Section 6-602(c) of the Uniform Trust Code as adopted in New Hampshire allows the amendment of a trust “by any method manifesting clear and convincing evidence of the settlor’s intent if the terms of the trust do no . . . expressly prohibit methods other than methods provided in the terms of the trust.”  Given this language, the statute contemplates that a trust may be amended in any number of ways so long as those methods are not expressly prohibited by the trust and there is clear and convincing evidence that the settlor intended to amend the trust.

The case law in this area, although limited, supports this conclusion.  In the case of In re Wendland-Reinter Trust, 677 N.W.2d 117 (Neb 2004), the Court noted that the modern trend in trust cases is to allow an amendment to a trust by any method so long as the amendment is established by clear and convincing evidence as the intent of the settlor, unless the trust provides an exclusive method for amendmentSee id. at 701-02 citing Restatement (Third) of Trusts § 63(3) at 443, Unif. Trust Code § 602(c)(2)(B).

Here, the Trust does not contain language stating that the only way it may be amended is by a writing signed by the settlor.  In section 16 of the Second Amendment and Restatement of the Trust, the language reserves to the settlor the right to amend the trust by filing notice of the change with the trustee, which in this case would have included Ms.

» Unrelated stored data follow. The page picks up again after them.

(* Let $K\in L_2(\mathbb R)$ be a kernel (satisfying the standing assumptions below) with $S_K=0$. Then for every probability density $f\in L_2(\mathbb R)$, $\lim_{n\to\infty} n\,\Phi(n,f,K)=\infty$.
   Context: A kernel is an integrable function $K:\mathbb R\to\mathbb R$ with $\int K=1$; standing assumptions: $K$ is bounded, continuous at $0$, and $\int K^2<2K(0)$. For a sample $X_1,\dots,X_n$ i.i.d. with density $f$, bandwidth $h>0$, $f_{n,K,h}(x)=\frac1n\sum_{i=1}^n K_h(x-X_i)$ with $K_h(x)=K(x/h)/h$. $\mathrm{MISE}_f(f_{n,K,h})=E_f\int (f_{n,K,h}-f)^2$, and $\Phi(n,f,K)=\min_{h>0}\mathrm{MISE}_f(f_{n,K,h})$ (the minimum exists under the standing assumptions). $\varphi_K(t)=\int e^{itx}K(x)dx$ and $S_K=\inf\{t\ge0: |\varphi_K(t)-1|\ne0\}$. *)

theory Defs
  imports "HOL-Probability.Probability"
begin

definition is_kernel :: "(real \<Rightarrow> real) \<Rightarrow> bool" where
  "is_kernel K \<longleftrightarrow>
     integrable lborel K \<and> (LINT x|lborel. K x) = 1 \<and>
     (\<exists>B. \<forall>x. \<bar>K x\<bar> \<le> B) \<and> isCont K 0 \<and>
     (LINT x|lborel. (K x)\<^sup>2) < 2 * K 0"

definition is_density :: "(real \<Rightarrow> real) \<Rightarrow> bool" where
  "is_density f \<longleftrightarrow> f \<in> borel_measurable lborel \<and> (\<forall>x. 0 \<le> f x) \<and>
     integrable lborel f \<and> (LINT x|lborel. f x) = 1"

definition kde :: "nat \<Rightarrow> (real \<Rightarrow> real) \<Rightarrow> real \<Rightarrow> (nat \<Rightarrow> real) \<Rightarrow> real \<Rightarrow> real" where
  "kde n K h X x = (\<Sum>i<n. K ((x - X i) / h) / h) / real n"

definition sample :: "nat \<Rightarrow> (real \<Rightarrow> real) \<Rightarrow> (nat \<Rightarrow> real) measure" where
  "sample n f = PiM {..<n} (\<lambda>_. density lborel (\<lambda>x. ennreal (f x)))"

definition MISE :: "nat \<Rightarrow> (real \<Rightarrow> real) \<Rightarrow> (real \<Rightarrow> real) \<Rightarrow> real \<Rightarrow> ennreal" where
  "MISE n f K h =
     (\<integral>\<^sup>+ X. (\<integral>\<^sup>+ x. ennreal ((kde n K h X x - f x)\<^sup>2) \<partial>lborel) \<partial>sample n f)"

text \<open>Phi(n,f,K) = min over h > 0 of the MISE (the minimum exists under the standing
  assumptions, so it coincides with the infimum).\<close>
definition Phi :: "nat \<Rightarrow> (real \<Rightarrow> real) \<Rightarrow> (real \<Rightarrow> real) \<Rightarrow> ennreal" where
  "Phi n f K = (INF h\<in>{0<..}. MISE n f K h)"

definition char_fun :: "(real \<Rightarrow> real) \<Rightarrow> real \<Rightarrow> complex" where
  "char_fun K t = (LINT x|lborel. cis (t * x) * complex_of_real (K x))"

definition S_K :: "(real \<Rightarrow> real) \<Rightarrow> real" where
  "S_K K = Inf {t. 0 \<le> t \<and> cmod (char_fun K t - 1) \<noteq> 0}"

end

theory Submission
  imports Defs
begin

(*
  Let f be a square-integrable density and K a kernel with S_K = 0.  Writing
  Y for a random variable with density f, K_h(u) = K(u/h)/h and
  b_h = K_h * f - f for the bias of the estimator, the variance decomposition gives

     n * MISE(n,h) = \<integral> E (K_h(x - Y) - f x)^2 dx + (n - 1) * \<integral> b_h^2 .

  The first term is at least \<integral>K^2/(2h) - \<integral>f^2, which is large for small h.  The
  second term is at least n \<integral> b_h^2, and \<integral> b_h^2 is bounded away from 0 uniformly in
  h \<ge> \<delta>: for large h because K_h * f becomes small in L2, for h in a compact range
  because the Fourier transform of b_h is \<phi>_f(t) (\<phi>_K(ht) - 1), and S_K = 0 yields a
  frequency s = ht with \<phi>_K(s) \<noteq> 1 at which |\<phi>_f(t)| \<ge> 1/2; this bounds \<integral>|b_h| from
  below, and tails that are uniform in h turn this into a lower bound for \<integral> b_h^2.
  Hence n * MISE(n,h) \<ge> Z for all h > 0 once n is large, i.e. n * \<Phi>(n,f,K) \<rightarrow> \<infinity>.
*)

lemma half_square_le: "a\<^sup>2 / 2 \<le> (a - b)\<^sup>2 + (b::real)\<^sup>2"
proof -
  have "(a - b)\<^sup>2 + b\<^sup>2 - a\<^sup>2 / 2 = (a - 2 * b)\<^sup>2 / 2"
    by (simp add: power2_eq_square field_simps)
  moreover have "0 \<le> (a - 2 * b)\<^sup>2 / 2" by simp
  ultimately show ?thesis by linarith
qed

lemma abs_le_quadratic:
  fixes l b :: real
  assumes l: "0 < l"
  shows "\<bar>b\<bar> \<le> l / 2 * b\<^sup>2 + 1 / (2 * l)"
proof -
  have "l / 2 * b\<^sup>2 + 1 / (2 * l) - \<bar>b\<bar> = (l * \<bar>b\<bar> - 1)\<^sup>2 / (2 * l)"
    using l by (simp add: power2_eq_square field_simps)
  moreover have "0 \<le> (l * \<bar>b\<bar> - 1)\<^sup>2 / (2 * l)" using l by simp
  ultimately show ?thesis by linarith
qed

lemma ennreal_half: "0 \<le> a \<Longrightarrow> ennreal a / 2 = ennreal (a / 2)"
  by (metis divide_ennreal ennreal_numeral zero_less_numeral)

lemma ennreal_diff_le:
  assumes b: "0 \<le> b" and le: "ennreal a \<le> X + ennreal b"
  shows "ennreal (a - b) \<le> X"
proof (cases X)
  case (real x)
  then have "ennreal a \<le> ennreal (x + b)" using le b by (simp add: ennreal_plus)
  then have "a \<le> x + b" using real b by (subst (asm) ennreal_le_iff) auto
  then show ?thesis by (subst real(2)) (rule ennreal_leI, simp)
next
  case top then show ?thesis by simp
qed

section \<open>Moments of i.i.d. samples\<close>

lemma (in prob_space) square_expectation_le:
  fixes X :: "'a \<Rightarrow> real"
  assumes "integrable M X" "integrable M (\<lambda>x. (X x)\<^sup>2)"
  shows "(expectation X)\<^sup>2 \<le> expectation (\<lambda>x. (X x)\<^sup>2)"
  using variance_eq[OF assms] variance_positive[of X] by simp

lemma integral_iid_pair:
  fixes M :: "real measure" and g :: "real \<Rightarrow> real"
  assumes P: "prob_space M" and [measurable]: "g \<in> borel_measurable M"
    and gb: "\<And>y. \<bar>g y\<bar> \<le> C" and ij: "i < n" "j < (n::nat)"
  shows "(\<integral>X. g (X i) * g (X j) \<partial>PiM {..<n} (\<lambda>_. M))
       = (if i = j then (\<integral>y. (g y)\<^sup>2 \<partial>M) else (\<integral>y. g y \<partial>M)\<^sup>2)"
proof -
  interpret prob_space M by fact
  interpret product_sigma_finite "\<lambda>_. M"
    by (simp add: product_sigma_finite_def prob_space_imp_sigma_finite P)
  have gi: "integrable M g" by (rule integrable_const_bound[where B=C]) (use gb in auto)
  have ggi: "integrable M (\<lambda>y. g y * g y)"
  proof (rule integrable_const_bound[where B="C * C"])
    have "\<bar>g y\<bar> * \<bar>g y\<bar> \<le> C * C" for y by (rule mult_mono[OF gb gb]) (use gb[of y] in auto)
    then show "AE y in M. norm (g y * g y) \<le> C * C" by (simp add: abs_mult)
  qed simp
  define F where "F k = (if k = i \<and> k = j then (\<lambda>y. g y * g y) else if k = i \<or> k = j then g else (\<lambda>y. 1))"
    for k
  have "(\<integral>X. g (X i) * g (X j) \<partial>PiM {..<n} (\<lambda>_. M)) = (\<integral>X. (\<Prod>k<n. F k (X k)) \<partial>PiM {..<n} (\<lambda>_. M))"
  proof (rule Bochner_Integration.integral_cong[OF refl])
    fix X
    have "(\<Prod>k<n. F k (X k)) = (\<Prod>k\<in>{i, j}. F k (X k))"
      by (rule prod.mono_neutral_right) (auto simp: ij F_def)
    then show "g (X i) * g (X j) = (\<Prod>k<n. F k (X k))"
      by (cases "i = j") (auto simp: F_def)
  qed
  also have "\<dots> = (\<Prod>k<n. \<integral>y. F k y \<partial>M)"
    by (rule product_integral_prod) (auto simp: F_def gi ggi)
  also have "\<dots> = (\<Prod>k\<in>{i, j}. \<integral>y. F k y \<partial>M)"
    by (rule prod.mono_neutral_right) (auto simp: ij F_def prob_space)
  also have "\<dots> = (if i = j then (\<integral>y. (g y)\<^sup>2 \<partial>M) else (\<integral>y. g y \<partial>M)\<^sup>2)"
    by (cases "i = j") (auto simp: F_def power2_eq_square)
  finally show ?thesis .
qed

lemma integral_iid_sum_square:
  fixes M :: "real measure" and g :: "real \<Rightarrow> real"
  assumes P: "prob_space M" and gm[measurable]: "g \<in> borel_measurable M" and gb: "\<And>y. \<bar>g y\<bar> \<le> C"
  shows "(\<integral>X. (\<Sum>i<n. g (X i))\<^sup>2 \<partial>PiM {..<n} (\<lambda>_. M))
         = real n * (\<integral>y. (g y)\<^sup>2 \<partial>M) + real n * (real n - 1) * (\<integral>y. g y \<partial>M)\<^sup>2"
proof -
  let ?P = "PiM {..<n} (\<lambda>_. M)"
  let ?E2 = "\<integral>y. (g y)\<^sup>2 \<partial>M" and ?E1 = "\<integral>y. g y \<partial>M"
  interpret PP: prob_space ?P by (intro prob_space_PiM) (simp add: P)
  have pint: "integrable ?P (\<lambda>X. g (X i) * g (X j))" if "i < n" "j < n" for i j
  proof (rule PP.integrable_const_bound[where B="C*C"])
    show "AE X in ?P. norm (g (X i) * g (X j)) \<le> C * C"
      using gb by (auto simp: abs_mult intro!: mult_mono order_trans[OF abs_ge_zero gb])
    show "(\<lambda>X. g (X i) * g (X j)) \<in> borel_measurable ?P"
      by (intro borel_measurable_times measurable_compose[OF measurable_component_singleton[where M="\<lambda>_. M"] gm])
         (auto simp: that)
  qed
  have diag: "(\<Sum>j<n. if i = j then ?E2 else ?E1\<^sup>2) = ?E2 + (real n - 1) * ?E1\<^sup>2" if "i < n" for i
  proof -
    have "(\<Sum>j<n. if i = j then ?E2 else ?E1\<^sup>2) = (\<Sum>j<n. (if i = j then ?E2 - ?E1\<^sup>2 else 0) + ?E1\<^sup>2)"
      by (rule sum.cong) auto
    also have "\<dots> = ?E2 - ?E1\<^sup>2 + real n * ?E1\<^sup>2"
      using that by (simp add: sum.distrib)
    finally show ?thesis by (simp add: algebra_simps)
  qed
  have "(\<integral>X. (\<Sum>i<n. g (X i))\<^sup>2 \<partial>?P) = (\<integral>X. (\<Sum>i<n. \<Sum>j<n. g (X i) * g (X j)) \<partial>?P)"
    by (simp add: power2_eq_square sum_product)
  also have "\<dots> = (\<Sum>i<n. (\<integral>X. (\<Sum>j<n. g (X i) * g (X j)) \<partial>?P))"
    by (rule Bochner_Integration.integral_sum) (auto intro!: integrable_sum pint)
  also have "\<dots> = (\<Sum>i<n. \<Sum>j<n. (\<integral>X. g (X i) * g (X j) \<partial>?P))"
    by (intro sum.cong refl Bochner_Integration.integral_sum) (auto intro!: pint)
  also have "\<dots> = (\<Sum>i<n. \<Sum>j<n. if i = j then ?E2 else ?E1\<^sup>2)"
    by (simp add: integral_iid_pair[OF P gm gb])
  also have "\<dots> = (\<Sum>i<n. ?E2 + (real n - 1) * ?E1\<^sup>2)"
    by (rule sum.cong[OF refl]) (simp add: diag)
  finally show ?thesis by (simp add: algebra_simps)
qed

lemma square_integral_pos:
  fixes u :: "real \<Rightarrow> real"
  assumes "integrable lborel (\<lambda>x. (u x)\<^sup>2)" "(\<integral>x. u x \<partial>lborel) \<noteq> 0"
  shows "0 < (\<integral>x. (u x)\<^sup>2 \<partial>lborel)"
proof -
  have "(\<integral>x. (u x)\<^sup>2 \<partial>lborel) \<noteq> 0"
  proof
    assume "(\<integral>x. (u x)\<^sup>2 \<partial>lborel) = 0"
    then have "AE x in lborel. u x = 0"
      using integral_nonneg_eq_0_iff_AE[OF assms(1)] by simp
    then have "(\<integral>x. u x \<partial>lborel) = 0" by (simp add: integral_eq_zero_AE)
    then show False using assms(2) by simp
  qed
  then show ?thesis by (simp add: order_less_le)
qed

lemma nn_integral_swap:
  assumes "sigma_finite_measure M1" "sigma_finite_measure M2"
    "(\<lambda>p. F (fst p) (snd p)) \<in> borel_measurable (M1 \<Otimes>\<^sub>M M2)"
  shows "(\<integral>\<^sup>+x. \<integral>\<^sup>+y. F x y \<partial>M2 \<partial>M1) = (\<integral>\<^sup>+y. \<integral>\<^sup>+x. F x y \<partial>M1 \<partial>M2)"
proof -
  interpret pair_sigma_finite M1 M2 using assms(1,2) by (simp add: pair_sigma_finite_def)
  show ?thesis using Fubini[OF assms(3)] by simp
qed

lemma nn_integral_rescale:
  fixes G :: "real \<Rightarrow> ennreal"
  assumes [measurable]: "G \<in> borel_measurable borel" and h: "0 < h"
  shows "(\<integral>\<^sup>+x. G ((x - y) / h) \<partial>lborel) = ennreal h * (\<integral>\<^sup>+u. G u \<partial>lborel)"
  using nn_integral_real_affine[of "\<lambda>x. G ((x - y) / h)" h y] h by simp

lemma nn_integral_abs_interval_le:
  fixes b :: "real \<Rightarrow> real"
  assumes l: "0 < l" and R: "0 \<le> R" and [measurable]: "b \<in> borel_measurable borel"
  shows "(\<integral>\<^sup>+x. ennreal \<bar>b x\<bar> * indicator {-R..R} x \<partial>lborel)
     \<le> ennreal (l / 2) * (\<integral>\<^sup>+x. ennreal ((b x)\<^sup>2) \<partial>lborel) + ennreal (R / l)"
proof -
  have pointwise: "ennreal \<bar>b x\<bar> \<le> ennreal (l / 2) * ennreal ((b x)\<^sup>2) + ennreal (1 / (2 * l))" for x
  proof -
    have "ennreal \<bar>b x\<bar> \<le> ennreal (l / 2 * (b x)\<^sup>2 + 1 / (2 * l))"
      by (rule ennreal_leI) (rule abs_le_quadratic[OF l])
    also have "\<dots> = ennreal (l / 2 * (b x)\<^sup>2) + ennreal (1 / (2 * l))"
      by (rule ennreal_plus) (use l in auto)
    also have "ennreal (l / 2 * (b x)\<^sup>2) = ennreal (l / 2) * ennreal ((b x)\<^sup>2)"
      by (rule ennreal_mult) (use l in auto)
    finally show ?thesis .
  qed
  have "(\<integral>\<^sup>+x. ennreal \<bar>b x\<bar> * indicator {-R..R} x \<partial>lborel)
      \<le> (\<integral>\<^sup>+x. ennreal (l / 2) * ennreal ((b x)\<^sup>2) + ennreal (1 / (2 * l)) * indicator {-R..R} x \<partial>lborel)"
    by (rule nn_integral_mono) (use pointwise in \<open>auto split: split_indicator\<close>)
  also have "\<dots> = ennreal (l / 2) * (\<integral>\<^sup>+x. ennreal ((b x)\<^sup>2) \<partial>lborel) + ennreal (1 / (2 * l)) * emeasure lborel {-R..R}"
    by (subst nn_integral_add) (auto simp: nn_integral_cmult nn_integral_cmult_indicator)
  also have "ennreal (1 / (2 * l)) * emeasure lborel {-R..R} = ennreal (R / l)"
    using l R by (simp add: ennreal_mult[symmetric] del: ennreal_mult')
  finally show ?thesis .
qed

Tierno as a co-trustee.  Although Paragraph 19 provides that the amendments are effective when executed by the Grantor, it does not specifically exclude any other method of amendment.  Given the general and broad language contained in Paragraph 16, and the provisions of RSA 564-B:6-602(c) requiring that a trust “expressly” prohibit those methods not provide din the trust, this Court finds that the plaintiff has pled sufficient facts which, if proven as true, would permit the relief sought.

Order, pp. 3-4 (emphasis added).

Death or disability may intervene to prevent a client from signing a clearly intended trust amendment.  If that occurs, counsel should evaluate whether the trust instrument expressly prohibits a non-execution amendment,  and, if it does not, whether the trustee should treat the client instructions as an effective amendment and/or petition the Court for declaratory relief.